There's a [hosted demo environment](https://demo.datahub.com/) courtesy of DataHub where you can explore DataHub without installing it locally.

## Quickstart

Please follow the [DataHub Quickstart Guide](https://docs.datahub.com/docs/quickstart) to run DataHub locally using [Docker](https://docker.com).

## Development
```
python3 -m pip install --upgrade acryl-datahub
datahub docker quickstart
```

What you get:
- ✅ DataHub GMS (backend metadata service)
- ✅ DataHub Frontend (React UI)
- ✅ Elasticsearch (search & analytics)
- ✅ MySQL (metadata storage)
- ✅ Kafka + Schema Registry (streaming)
- ✅ Sample data


> You can alwasy try our [hosted demo]((https://demo.datahub.com/)) - Explore DataHub with sample data, no installation needed!


## Trusted by Industry Leaders
DataHub powers data discovery and governance at some of the world's most data-driven organizations.

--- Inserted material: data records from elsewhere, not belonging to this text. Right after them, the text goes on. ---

(* Consider any run of Algorithm 1 (described in the context) under the standing assumption. The number of unsuccessful iterations that occur before an $(\epsilon_g,\epsilon_H)$-stationary point is reached is either zero or else satisfies \[ |\mathcal{U}|\ \le\ \Big\lfloor 1+\log_{\gamma_1}\Big(\tfrac{3(1-\eta)}{L_H\delta_{\max}}\Big)+\log_{\gamma_1}(\epsilon_H)\Big\rfloor\,|\mathcal{S}|. \]
   Context: Let $f:\mathbb{R}^n\to\mathbb{R}$ with gradient $g=\nabla f$ and Hessian $H=\nabla^2 f$; $\|\cdot\|$ is the Euclidean norm and $\lambda_{\min}(\cdot)$ the smallest eigenvalue of a symmetric matrix. A point $x$ is $(\epsilon_g,\epsilon_H)$-stationary if $\|g(x)\|\le\epsilon_g$ and $\lambda_{\min}(H(x))\ge-\epsilon_H$. Write $f_k=f(x_k)$, $g_k=g(x_k)$, $H_k=H(x_k)$ and $m_k(x):=f_k+g_k^T(x-x_k)+\tfrac12(x-x_k)^TH_k(x-x_k)$. Algorithm 1 (exact trust-region Newton method). Inputs: tolerances $\epsilon_g,\epsilon_H>0$; parameters $\gamma_1\in(0,1)$, $\gamma_2\in[1,\infty)$, $\psi\in(1/\gamma_2,1]$; $x_0\in\mathbb{R}^n$; $\delta_0>0$; $\delta_{\max}\ge\delta_0$; $\eta\in(0,1)$. For $k=0,1,2,\dots$: evaluate $g_k,H_k$; if $\|g_k\|\le\epsilon_g$, compute $\lambda_k=\lambda_{\min}(H_k)$ and, if $\lambda_k\ge-\epsilon_H$, return $x_k$ (terminate). Otherwise compute $s_k$ as a global solution of $\min_{s}\ m_k(x_k+s)+\tfrac12\epsilon_H\|s\|^2$ subject to $\|s\|\le\delta_k$. Set $\rho_k=\frac{f_k-f(x_k+s_k)}{m_k(x_k)-m_k(x_k+s_k)}$. If $\rho_k\ge\eta$: $x_{k+1}=x_k+s_k$, and $\delta_{k+1}=\min\{\gamma_2\delta_k,\delta_{\max}\}$ if $\|s_k\|\ge\psi\delta_k$, else $\delta_{k+1}=\delta_k$. If $\rho_k<\eta$: $x_{k+1}=x_k$ and $\delta_{k+1}=\gamma_1\|s_k\|$. $\mathcal{K}$ is the set of indices $k$ such that iteration $k$ is completed without termination; $\mathcal{S}=\{k\in\mathcal{K}:\rho_k\ge\eta\}$ (successful), $\mathcal{U}=\{k\in\mathcal{K}:\rho_k<\eta\}$ (unsuccessful). Standing assumption: the sequence $\{f_k\}$ is bounded below by some $f_{\rm low}\in\mathbb{R}$, and all segments $[x_k,x_k+s_k]$ lie in an open set on which $f$ is twice continuously differentiable with gradient Lipschitz continuous with constant $L_g>0$ and Hessian Lipschitz continuous with constant $L_H>0$. *)

theory Defs
  imports "HOL-Analysis.Analysis"
begin

text \<open>Smallest eigenvalue of a (symmetric) real square matrix: the infimum of its
  real eigenvalues (for symmetric matrices all eigenvalues are real and this is the minimum).\<close>
definition lambda_min :: "real^'n^'n \<Rightarrow> real" where
  "lambda_min A = Inf {l. \<exists>v. v \<noteq> 0 \<and> A *v v = l *\<^sub>R v}"

definition tr_model ::
  "(real^'n \<Rightarrow> real) \<Rightarrow> (real^'n \<Rightarrow> real^'n) \<Rightarrow> (real^'n \<Rightarrow> real^'n^'n)
     \<Rightarrow> real^'n \<Rightarrow> real^'n \<Rightarrow> real" where
  "tr_model f g H xk x = f xk + g xk \<bullet> (x - xk) + (1/2) * ((x - xk) \<bullet> (H xk *v (x - xk)))"

definition stationary ::
  "(real^'n \<Rightarrow> real^'n) \<Rightarrow> (real^'n \<Rightarrow> real^'n^'n) \<Rightarrow> real \<Rightarrow> real \<Rightarrow> real^'n \<Rightarrow> bool" where
  "stationary g H eg eH x \<longleftrightarrow> norm (g x) \<le> eg \<and> lambda_min (H x) \<ge> - eH"

end

theory Submission
  imports Defs
begin

text \<open>
  Comparing the step s with the zero step shows that the regularised model predicts a decrease of at
  least eH/2 |s|^2, while the Lipschitz Hessian keeps the actual decrease within LH/6 |s|^3 of the
  predicted one. Hence every nonzero step with |s| <= 3 (1 - \<eta>) eH / LH is successful. A zero step
  with positive radius would make x_k stationary: g_k = 0 and H_k + eH I is positive semidefinite, and
  since the Hessian is symmetric it has an eigenvector, so lambda_min (H_k) >= -eH. Thus unsuccessful
  steps are longer than the threshold, yet each unsuccessful iteration shrinks the radius by \<gamma>1 and
  the radius never exceeds \<delta>max. A successful iteration therefore follows each unsuccessful one
  within floor (1 + log_\<gamma>1 (3 (1 - \<eta>) eH / (LH \<delta>max))) iterations, and charging every
  unsuccessful iteration to that successful one gives the bound.
\<close>

lemma second_order_taylor_remainder_le:
  fixes \<phi> \<phi>' \<phi>'' :: "real \<Rightarrow> real"
  assumes d1: "\<And>t. 0 \<le> t \<Longrightarrow> t \<le> 1 \<Longrightarrow> (\<phi> has_real_derivative \<phi>' t) (at t)"
    and d2: "\<And>t. 0 \<le> t \<Longrightarrow> t \<le> 1 \<Longrightarrow> (\<phi>' has_real_derivative \<phi>'' t) (at t)"
    and lip: "\<And>t. 0 \<le> t \<Longrightarrow> t \<le> 1 \<Longrightarrow> \<phi>'' t - \<phi>'' 0 \<le> M * t"
  shows "\<phi> 1 - \<phi> 0 - \<phi>' 0 - \<phi>'' 0 / 2 \<le> M / 6"
proof -
  \<comment> \<open>Compare \<open>\<phi>\<close> with the cubic \<open>M t\<^sup>3 / 6\<close>: first \<open>v\<close>, then \<open>u\<close> is nondecreasing from 0.\<close>
  define v where "v t = M * t^2 / 2 - (\<phi>' t - \<phi>' 0 - t * \<phi>'' 0)" for t
  define u where "u t = M * t^3 / 6 - (\<phi> t - \<phi> 0 - t * \<phi>' 0 - t^2 / 2 * \<phi>'' 0)" for t
  have v_deriv: "(v has_real_derivative M * t - (\<phi>'' t - \<phi>'' 0)) (at t)"
    if "0 \<le> t" "t \<le> 1" for t
    unfolding v_def by (rule derivative_eq_intros refl d2 that | simp)+
  have u_deriv: "(u has_real_derivative v t) (at t)" if "0 \<le> t" "t \<le> 1" for t
    unfolding u_def v_def by (rule derivative_eq_intros refl d1 that | simp add: algebra_simps)+
  have v_nonneg: "0 \<le> v t" if "0 \<le> t" "t \<le> 1" for t
  proof -
    have "v 0 \<le> v t"
    proof (rule DERIV_nonneg_imp_nondecreasing[OF that(1)])
      fix y assume "0 \<le> y" "y \<le> t"
      then show "\<exists>v'. (v has_real_derivative v') (at y) \<and> 0 \<le> v'"
        using v_deriv lip that by (metis diff_ge_0_iff_ge order_trans)
    qed
    then show ?thesis by (simp add: v_def)
  qed
  have "u 0 \<le> u 1"
    by (rule DERIV_nonneg_imp_nondecreasing[of 0 1]) (use u_deriv v_nonneg in auto)
  then show ?thesis by (simp add: u_def algebra_simps)
qed

lemma abs_second_order_taylor_remainder_le:
  fixes \<phi> \<phi>' \<phi>'' :: "real \<Rightarrow> real"
  assumes d1: "\<And>t. 0 \<le> t \<Longrightarrow> t \<le> 1 \<Longrightarrow> (\<phi> has_real_derivative \<phi>' t) (at t)"
    and d2: "\<And>t. 0 \<le> t \<Longrightarrow> t \<le> 1 \<Longrightarrow> (\<phi>' has_real_derivative \<phi>'' t) (at t)"
    and lip: "\<And>t. 0 \<le> t \<Longrightarrow> t \<le> 1 \<Longrightarrow> \<bar>\<phi>'' t - \<phi>'' 0\<bar> \<le> M * t"
  shows "\<bar>\<phi> 1 - \<phi> 0 - \<phi>' 0 - \<phi>'' 0 / 2\<bar> \<le> M / 6"
proof -
  have "\<phi> 1 - \<phi> 0 - \<phi>' 0 - \<phi>'' 0 / 2 \<le> M / 6"
    by (rule second_order_taylor_remainder_le[OF d1 d2]) (use lip in \<open>auto simp: abs_le_iff\<close>)
  moreover have "(- \<phi> 1) - (- \<phi> 0) - (- \<phi>' 0) - (- \<phi>'' 0) / 2 \<le> M / 6"
    by (rule second_order_taylor_remainder_le[of "\<lambda>t. - \<phi> t" "\<lambda>t. - \<phi>' t" "\<lambda>t. - \<phi>'' t"])
      (use d1 d2 lip in \<open>auto intro: DERIV_minus simp: abs_le_iff\<close>)
  ultimately show ?thesis by linarith
qed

[Here are the companies](https://datahub.com/resources/?2004611554=dh-stories) that have officially adopted DataHub. Please feel free to add yours to the list if we missed it.



## Community

Join our [Slack workspace](https://datahub.com/slack?utm_source=github&utm_medium=readme&utm_campaign=github_readme) for discussions and important announcements. You can also find out more about our upcoming [town hall meetings](docs/townhalls.md) and view past recordings.


## Contributing

We welcome contributions from the community. Please refer to our [Contributing Guidelines](docs/CONTRIBUTING.md) for more details. We also have a [contrib](contrib) directory for incubating experimental features.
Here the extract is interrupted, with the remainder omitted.